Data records
========================================================================

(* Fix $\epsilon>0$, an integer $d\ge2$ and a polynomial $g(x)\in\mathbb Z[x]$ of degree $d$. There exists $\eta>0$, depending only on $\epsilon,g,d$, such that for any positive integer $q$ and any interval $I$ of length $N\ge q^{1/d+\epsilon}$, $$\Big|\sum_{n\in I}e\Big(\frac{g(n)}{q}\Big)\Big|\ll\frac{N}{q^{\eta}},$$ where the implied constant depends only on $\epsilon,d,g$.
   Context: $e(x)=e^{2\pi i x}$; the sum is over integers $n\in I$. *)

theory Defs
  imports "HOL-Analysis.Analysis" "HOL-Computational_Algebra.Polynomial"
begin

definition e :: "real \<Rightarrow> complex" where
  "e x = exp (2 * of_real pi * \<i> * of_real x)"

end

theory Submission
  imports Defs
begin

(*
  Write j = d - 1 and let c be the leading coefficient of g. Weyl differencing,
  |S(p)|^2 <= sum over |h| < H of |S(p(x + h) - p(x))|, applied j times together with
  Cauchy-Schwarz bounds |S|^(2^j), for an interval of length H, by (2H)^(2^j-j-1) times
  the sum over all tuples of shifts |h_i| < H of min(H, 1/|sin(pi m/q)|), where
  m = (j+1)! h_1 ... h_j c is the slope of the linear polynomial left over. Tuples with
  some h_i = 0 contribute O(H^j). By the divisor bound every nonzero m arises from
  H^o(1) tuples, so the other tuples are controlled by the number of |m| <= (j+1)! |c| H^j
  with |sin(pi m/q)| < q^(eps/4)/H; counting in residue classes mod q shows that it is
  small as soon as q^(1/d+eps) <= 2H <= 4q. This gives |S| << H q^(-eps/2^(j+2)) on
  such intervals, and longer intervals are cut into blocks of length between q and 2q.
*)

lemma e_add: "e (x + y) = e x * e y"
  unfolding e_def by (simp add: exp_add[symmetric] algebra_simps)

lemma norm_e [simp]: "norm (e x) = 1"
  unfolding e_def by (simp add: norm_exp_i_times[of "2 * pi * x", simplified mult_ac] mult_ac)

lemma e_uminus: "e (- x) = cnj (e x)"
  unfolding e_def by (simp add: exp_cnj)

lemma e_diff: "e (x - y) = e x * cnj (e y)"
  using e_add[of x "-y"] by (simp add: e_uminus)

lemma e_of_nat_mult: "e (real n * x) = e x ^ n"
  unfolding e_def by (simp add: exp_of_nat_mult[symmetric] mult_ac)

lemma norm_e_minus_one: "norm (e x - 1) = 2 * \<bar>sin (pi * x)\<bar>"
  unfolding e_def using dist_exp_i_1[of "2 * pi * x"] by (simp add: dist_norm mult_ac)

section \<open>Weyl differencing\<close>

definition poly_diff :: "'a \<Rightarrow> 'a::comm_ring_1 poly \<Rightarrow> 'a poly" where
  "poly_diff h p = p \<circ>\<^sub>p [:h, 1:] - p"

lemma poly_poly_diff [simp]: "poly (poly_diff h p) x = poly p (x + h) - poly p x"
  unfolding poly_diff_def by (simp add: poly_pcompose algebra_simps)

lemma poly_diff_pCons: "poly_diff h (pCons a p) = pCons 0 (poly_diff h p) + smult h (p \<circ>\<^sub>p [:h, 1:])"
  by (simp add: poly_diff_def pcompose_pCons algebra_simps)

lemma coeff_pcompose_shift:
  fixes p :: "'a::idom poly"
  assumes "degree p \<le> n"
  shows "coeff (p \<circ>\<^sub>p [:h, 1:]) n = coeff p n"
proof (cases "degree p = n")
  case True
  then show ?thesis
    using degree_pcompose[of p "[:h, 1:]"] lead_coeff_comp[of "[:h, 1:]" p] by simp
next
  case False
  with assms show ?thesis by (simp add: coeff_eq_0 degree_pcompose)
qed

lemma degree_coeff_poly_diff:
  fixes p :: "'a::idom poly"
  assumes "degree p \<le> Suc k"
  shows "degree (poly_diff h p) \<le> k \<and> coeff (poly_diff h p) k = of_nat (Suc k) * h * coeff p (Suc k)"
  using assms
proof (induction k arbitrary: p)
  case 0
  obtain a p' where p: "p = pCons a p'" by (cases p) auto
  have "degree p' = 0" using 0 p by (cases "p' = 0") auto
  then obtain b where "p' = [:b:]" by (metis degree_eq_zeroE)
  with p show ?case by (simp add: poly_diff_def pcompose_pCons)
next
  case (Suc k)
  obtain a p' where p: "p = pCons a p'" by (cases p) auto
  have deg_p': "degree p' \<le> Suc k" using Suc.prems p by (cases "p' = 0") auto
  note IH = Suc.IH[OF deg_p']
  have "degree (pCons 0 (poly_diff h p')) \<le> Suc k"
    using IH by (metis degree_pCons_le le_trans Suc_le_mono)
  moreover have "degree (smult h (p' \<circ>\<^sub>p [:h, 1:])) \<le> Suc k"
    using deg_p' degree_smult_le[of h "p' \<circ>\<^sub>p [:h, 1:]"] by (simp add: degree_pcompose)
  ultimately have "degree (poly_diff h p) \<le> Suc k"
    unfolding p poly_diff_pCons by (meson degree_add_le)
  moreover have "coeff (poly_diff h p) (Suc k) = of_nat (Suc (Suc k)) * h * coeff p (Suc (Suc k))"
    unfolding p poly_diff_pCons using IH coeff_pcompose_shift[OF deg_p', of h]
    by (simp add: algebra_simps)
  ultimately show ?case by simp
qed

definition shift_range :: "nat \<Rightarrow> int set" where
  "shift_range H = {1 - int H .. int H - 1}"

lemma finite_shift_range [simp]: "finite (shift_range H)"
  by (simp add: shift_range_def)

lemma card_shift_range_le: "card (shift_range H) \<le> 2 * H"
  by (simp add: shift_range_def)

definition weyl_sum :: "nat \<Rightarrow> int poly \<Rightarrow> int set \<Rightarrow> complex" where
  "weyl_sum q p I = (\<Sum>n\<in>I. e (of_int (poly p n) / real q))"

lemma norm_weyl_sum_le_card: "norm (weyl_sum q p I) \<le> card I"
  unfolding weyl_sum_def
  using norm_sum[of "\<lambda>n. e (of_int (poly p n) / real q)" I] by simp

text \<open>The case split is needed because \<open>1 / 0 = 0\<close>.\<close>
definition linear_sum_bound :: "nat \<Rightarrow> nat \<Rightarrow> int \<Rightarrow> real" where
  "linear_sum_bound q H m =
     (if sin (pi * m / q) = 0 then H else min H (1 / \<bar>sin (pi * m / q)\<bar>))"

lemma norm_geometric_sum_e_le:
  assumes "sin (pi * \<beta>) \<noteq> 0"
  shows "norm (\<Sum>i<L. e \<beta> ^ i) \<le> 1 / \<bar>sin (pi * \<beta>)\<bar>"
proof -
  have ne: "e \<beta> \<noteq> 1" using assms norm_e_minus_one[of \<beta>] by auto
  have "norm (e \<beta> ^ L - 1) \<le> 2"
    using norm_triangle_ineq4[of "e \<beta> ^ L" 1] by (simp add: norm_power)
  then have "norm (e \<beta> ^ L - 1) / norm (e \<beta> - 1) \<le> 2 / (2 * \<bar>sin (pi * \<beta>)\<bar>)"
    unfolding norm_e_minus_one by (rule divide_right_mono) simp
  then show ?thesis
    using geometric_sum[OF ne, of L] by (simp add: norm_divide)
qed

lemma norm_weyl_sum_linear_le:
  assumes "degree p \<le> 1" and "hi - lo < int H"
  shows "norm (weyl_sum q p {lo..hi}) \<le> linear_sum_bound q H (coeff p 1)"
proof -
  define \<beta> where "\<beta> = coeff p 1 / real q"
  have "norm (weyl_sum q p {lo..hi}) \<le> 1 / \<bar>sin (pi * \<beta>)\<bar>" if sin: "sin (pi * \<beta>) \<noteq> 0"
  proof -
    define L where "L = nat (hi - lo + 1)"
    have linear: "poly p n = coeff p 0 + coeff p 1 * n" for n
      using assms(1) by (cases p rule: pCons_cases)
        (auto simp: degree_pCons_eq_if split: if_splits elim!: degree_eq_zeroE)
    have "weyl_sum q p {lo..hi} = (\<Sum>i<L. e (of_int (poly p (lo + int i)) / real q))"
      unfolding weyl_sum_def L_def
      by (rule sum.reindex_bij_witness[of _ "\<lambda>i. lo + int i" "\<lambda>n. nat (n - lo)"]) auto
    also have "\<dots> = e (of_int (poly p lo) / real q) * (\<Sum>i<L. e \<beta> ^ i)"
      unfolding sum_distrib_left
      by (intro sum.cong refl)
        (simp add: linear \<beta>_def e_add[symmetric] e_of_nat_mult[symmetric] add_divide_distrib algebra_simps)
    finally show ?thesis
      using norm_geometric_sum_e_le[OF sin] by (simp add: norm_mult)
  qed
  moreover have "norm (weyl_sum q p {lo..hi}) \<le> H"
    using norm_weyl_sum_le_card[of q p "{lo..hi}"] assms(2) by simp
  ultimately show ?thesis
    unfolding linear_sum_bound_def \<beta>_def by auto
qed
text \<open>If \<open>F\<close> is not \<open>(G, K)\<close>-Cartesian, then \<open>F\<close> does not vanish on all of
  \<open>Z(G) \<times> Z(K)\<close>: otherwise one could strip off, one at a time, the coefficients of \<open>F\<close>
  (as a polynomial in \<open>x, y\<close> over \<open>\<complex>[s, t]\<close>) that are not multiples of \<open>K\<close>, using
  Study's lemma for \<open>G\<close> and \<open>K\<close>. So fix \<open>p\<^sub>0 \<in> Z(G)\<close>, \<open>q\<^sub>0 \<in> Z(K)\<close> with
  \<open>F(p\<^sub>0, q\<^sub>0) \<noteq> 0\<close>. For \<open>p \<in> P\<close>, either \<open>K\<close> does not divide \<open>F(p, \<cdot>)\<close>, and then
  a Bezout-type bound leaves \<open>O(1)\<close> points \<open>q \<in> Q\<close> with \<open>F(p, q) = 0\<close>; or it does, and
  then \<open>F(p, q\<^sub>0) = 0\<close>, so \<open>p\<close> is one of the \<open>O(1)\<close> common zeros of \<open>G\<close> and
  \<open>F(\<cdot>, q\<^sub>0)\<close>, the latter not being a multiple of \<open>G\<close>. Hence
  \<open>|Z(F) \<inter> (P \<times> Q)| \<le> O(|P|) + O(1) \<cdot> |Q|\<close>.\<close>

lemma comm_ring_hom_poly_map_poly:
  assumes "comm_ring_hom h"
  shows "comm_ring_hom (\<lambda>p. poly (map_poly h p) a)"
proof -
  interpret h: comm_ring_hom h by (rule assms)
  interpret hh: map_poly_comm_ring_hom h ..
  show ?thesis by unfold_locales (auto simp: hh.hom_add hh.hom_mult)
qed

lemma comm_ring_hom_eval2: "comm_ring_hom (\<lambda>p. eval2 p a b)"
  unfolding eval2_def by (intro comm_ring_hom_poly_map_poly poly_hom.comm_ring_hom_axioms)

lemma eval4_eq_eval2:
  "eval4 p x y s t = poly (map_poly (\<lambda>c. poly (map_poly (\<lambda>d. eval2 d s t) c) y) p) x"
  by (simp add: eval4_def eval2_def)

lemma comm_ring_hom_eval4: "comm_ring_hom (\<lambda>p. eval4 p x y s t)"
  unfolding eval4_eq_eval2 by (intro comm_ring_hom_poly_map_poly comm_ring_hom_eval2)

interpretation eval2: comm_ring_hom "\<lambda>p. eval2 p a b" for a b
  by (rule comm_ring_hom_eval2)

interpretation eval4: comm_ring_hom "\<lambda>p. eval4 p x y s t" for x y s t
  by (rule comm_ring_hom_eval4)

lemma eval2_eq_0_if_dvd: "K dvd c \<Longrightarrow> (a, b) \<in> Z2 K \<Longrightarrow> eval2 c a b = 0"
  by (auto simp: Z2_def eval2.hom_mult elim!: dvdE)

========================================================================

* Work order
Restate word for word only the lines above from the line containing "Write j = d" to the line containing "unfolding e_def using", both of them included.

* Task response
  Write j = d - 1 and let c be the leading coefficient of g. Weyl differencing,
  |S(p)|^2 <= sum over |h| < H of |S(p(x + h) - p(x))|, applied j times together with
  Cauchy-Schwarz bounds |S|^(2^j), for an interval of length H, by (2H)^(2^j-j-1) times
  the sum over all tuples of shifts |h_i| < H of min(H, 1/|sin(pi m/q)|), where
  m = (j+1)! h_1 ... h_j c is the slope of the linear polynomial left over. Tuples with
  some h_i = 0 contribute O(H^j). By the divisor bound every nonzero m arises from
  H^o(1) tuples, so the other tuples are controlled by the number of |m| <= (j+1)! |c| H^j
  with |sin(pi m/q)| < q^(eps/4)/H; counting in residue classes mod q shows that it is
  small as soon as q^(1/d+eps) <= 2H <= 4q. This gives |S| << H q^(-eps/2^(j+2)) on
  such intervals, and longer intervals are cut into blocks of length between q and 2q.
*)

lemma e_add: "e (x + y) = e x * e y"
  unfolding e_def by (simp add: exp_add[symmetric] algebra_simps)

lemma norm_e [simp]: "norm (e x) = 1"
  unfolding e_def by (simp add: norm_exp_i_times[of "2 * pi * x", simplified mult_ac] mult_ac)

lemma e_uminus: "e (- x) = cnj (e x)"
  unfolding e_def by (simp add: exp_cnj)

lemma e_diff: "e (x - y) = e x * cnj (e y)"
  using e_add[of x "-y"] by (simp add: e_uminus)

lemma e_of_nat_mult: "e (real n * x) = e x ^ n"
  unfolding e_def by (simp add: exp_of_nat_mult[symmetric] mult_ac)

lemma norm_e_minus_one: "norm (e x - 1) = 2 * \<bar>sin (pi * x)\<bar>"
  unfolding e_def using dist_exp_i_1[of "2 * pi * x"] by (simp add: dist_norm mult_ac)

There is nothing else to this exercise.